The distance between locations of peak response across the hemispheres did not depend on sound frequency (Fig. 2E). Within ACx, most areas show similar hemispheric differences and variability [primary auditory cortex (A1): 149.5 ± 73.2 μm; A2: 189.6 ± 84.9 μm; anterior AAF: 158.4 ± 66.0 μm; DM: 128.8 ± 159.8 μm] (Fig. 2F). The ultrasonic field (UF) showed the highest difference across hemispheres (247.0 ± 159.8 μm) (Fig. 2F), possibly due to weaker fluorescence levels emitted from this area than all other cortical areas (Fig. 2F).

Next, we compared the location of peak responses across mice. We grouped the data points representing difference in location of peak response between the left hemispheres across mice (LvL*), between the right hemispheres across mice (RvR*), and between the left and right hemispheres across mice (LvR*) (Materials and Methods). The average difference in the location of peak responses across all mice was 306 ± 166.7 μm for the left and 295.5 ± 168.1 μm for the right hemisphere (Fig. 2D). Comparing left versus right hemispheres across mice results in a difference of 309.9 ± 179.2 μm. Our findings show that across mice, the locations of peak response only differ by ~300 μm and that relative positioning of vectors is similar across all frequency levels (Fig. 2 C and D). Thus, there is a stereotypical geometry of peak response across mice (Fig. 2 B and C). For all cases, the difference in peak location across mice is significantly higher than differences within individuals (L Across vs. LR Within: P = 6.26e-16, R Across vs. LR Within: P = 1.12e-13, LR Across vs. LR Within: P = 2.10e-13, two-sample t test, Bonferroni corrected). This finding highlights that while ACx organization is stereotyped, the topographic organization between hemispheres is more similar within mice than across mice.

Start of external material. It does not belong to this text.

(* Suppose $R$ carries an $A$-grading and an $A'$-grading and $N$ carries a $B$-grading and a $B'$-grading (each pair satisfying the standing assumptions), and that the $(A,B)$-gradings refine the $(A',B')$-gradings. If $X=\{m_1,\dots,m_n\}\subseteq M$ is a Macaulay basis of $M$ with respect to the $(A,B)$-gradings and $X$ generates $M$, then $X$ is also a Macaulay basis of $M$ with respect to the $(A',B')$-gradings.
   Context: Standing assumptions on a grading pair $(A,B)$: $\mathbf{k}$ is a field; $(A,+,0)$ is a finitely generated cancellative commutative monoid with a well-ordered total order such that $0<a$ for $a\ne0$ and $a\le a'\Rightarrow a+c\le a'+c$; $R=\bigoplus_{a\in A}R_a$ is a commutative Noetherian $\mathbf{k}$-algebra with $R_aR_{a'}\subseteq R_{a+a'}$; $B$ is a well-ordered totally ordered set with an action $(a,b)\mapsto a\cdot b$ of $A$ with $0\cdot b=b$, $(a+a')\cdot b=a\cdot(a'\cdot b)$, monotone and cancellative in each argument; $N=\bigoplus_{b\in B}N_b$ is a Noetherian $R$-module with $R_aN_b\subseteq N_{a\cdot b}$; $M\subseteq N$ is an $R$-submodule. For $m=\sum_bm_b\ne0$: $\deg m=\max\{b:m_b\ne0\}$, $\operatorname{lf}(m)=m_{\deg m}$. A finite set $\{m_1,\dots,m_n\}$ of nonzero elements of $M$ is a Macaulay basis of $M$ (w.r.t. the given gradings) if the $R$-submodule generated by $\{\operatorname{lf}(p):0\ne p\in M\}$ equals that generated by $\operatorname{lf}(m_1),\dots,\operatorname{lf}(m_n)$. Refinement: the $(A,B)$-gradings refine the $(A',B')$-gradings if there is an order-preserving monoid homomorphism $f:A\to A'$ with $R_{a'}=\bigoplus_{a\in f^{-1}(a')}R_a$ for all $a'\in A'$, and an order-preserving map $g:B\to B'$ with $N_{b'}=\bigoplus_{b\in g^{-1}(b')}N_b$ for all $b'\in B'$ and $f(a)\cdot g(b)=g(a\cdot b)$ for all $a\in A$, $b\in B$. *)

theory Defs
  imports Main "HOL.Modules"
begin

Our results indicate that the mouse auditory cortex demonstrates stereotypical subfield organization across mice and that topography between the hemispheres within an individual mouse is symmetrical regardless of stimulus frequency or cortical region (Fig. 2G). Higher similarity within an individual suggests that individual sensory experience might impact cortical organization, while stereotypy across animals also suggests a hard-wired, stereotypical mechanism underlying organization.

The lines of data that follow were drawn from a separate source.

(* If there is a vector $y\geq 0$ such that $F(y)\geq 0$, then Condition A1 holds (hence a minimal solution $x_\ast$ exists), and $x_\ast\leq y$.
   Context: Inequalities between vectors/matrices are componentwise. An M-matrix is a matrix $sI-P$ with $P\geq0$ entrywise and $s\geq\rho(P)$ ($\rho$ = spectral radius). Let $M\in\mathbb R^{n\times n}$ be a nonsingular M-matrix, $a\in\mathbb R^n$ with $a\geq 0$, and $b:\mathbb R^n\times\mathbb R^n\to\mathbb R^n$ a bilinear map (not necessarily symmetric) with $b(x,y)\geq 0$ whenever $x,y\geq 0$. A solution of $Mx=a+b(x,x)$ means a vector $x\geq0$ satisfying it; a solution $x_\ast$ is minimal if $x_\ast\leq y$ for every solution $y$. $F(x):=Mx-a-b(x,x)$. A linear map $l:\mathbb R^n\to\mathbb R^m$ is weakly positive if $l(x)\geq 0$ and $l(x)\neq 0$ whenever $x\geq 0$, $x\neq 0$. Condition A1: there exist a weakly positive linear map $l:\mathbb R^n\to\mathbb R^m$ and $z\in\mathbb R^m$, $z\geq 0$, such that for every $x\geq 0$, $l(x)\leq z$ implies $l(M^{-1}(a+b(x,x)))\leq z$. *)

theory Defs
  imports "HOL-Analysis.Analysis"
begin

definition cplx_mat :: "real^'n^'n \<Rightarrow> complex^'n^'n" where
  "cplx_mat P = (\<chi> i j. complex_of_real (P $ i $ j))"

definition is_eigenvalue :: "real^'n^'n \<Rightarrow> complex \<Rightarrow> bool" where
  "is_eigenvalue P lam \<longleftrightarrow> (\<exists>v::complex^'n. v \<noteq> 0 \<and> cplx_mat P *v v = lam *s v)"

definition spectral_radius :: "real^'n^'n \<Rightarrow> real" where
  "spectral_radius P = Max (cmod ` {lam. is_eigenvalue P lam})"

PET and fMRI imaging studies in humans demonstrate that the left hemisphere has a larger area of activation in response to speech stimuli during both passive listening experiments (3–5, 31) and behavioral tasks (2). In mice, electrophysiological mapping also shows a larger overall active area in the left hemisphere than the right; however, these experiments did not compare hemispheres within individual mice and solely measured the area of responses to pure tone stimuli (20). C-Fos labeling studies found a higher number of labeled neurons in the left hemisphere in response to vocalizations, but the use of c-Fos labeling prevents the comparative analysis of pure tone and vocalization stimuli and precludes collection of multiple trials within an individual animal (19).

We thus set out to confirm whether the left hemisphere has a larger total area of activation by comparing the activity in both hemispheres in response to pure tone and adult vocalization stimuli within individual mice. We calculated the total area of activation—using 35% and 50% of the maximum image value as thresholds (Materials and Methods)—as well as the fractional size for each ACx area (SI Appendix, Figs. S3 and S5 C and F). While tones activated A1, AAF, DM, A2, and UF, vocalization did not strongly activate A1 (Fig. 3A).

For males and females grouped together, the activation area was similar between the left hemisphere for all three stimulus categories for both 50% and 35% thresholds (SI Appendix, Fig. S5 A and D). Separated by sex, males and females also had nearly identical responsive areas for ultrasonic tones and vocalizations (SI Appendix, Fig. S5 B and E).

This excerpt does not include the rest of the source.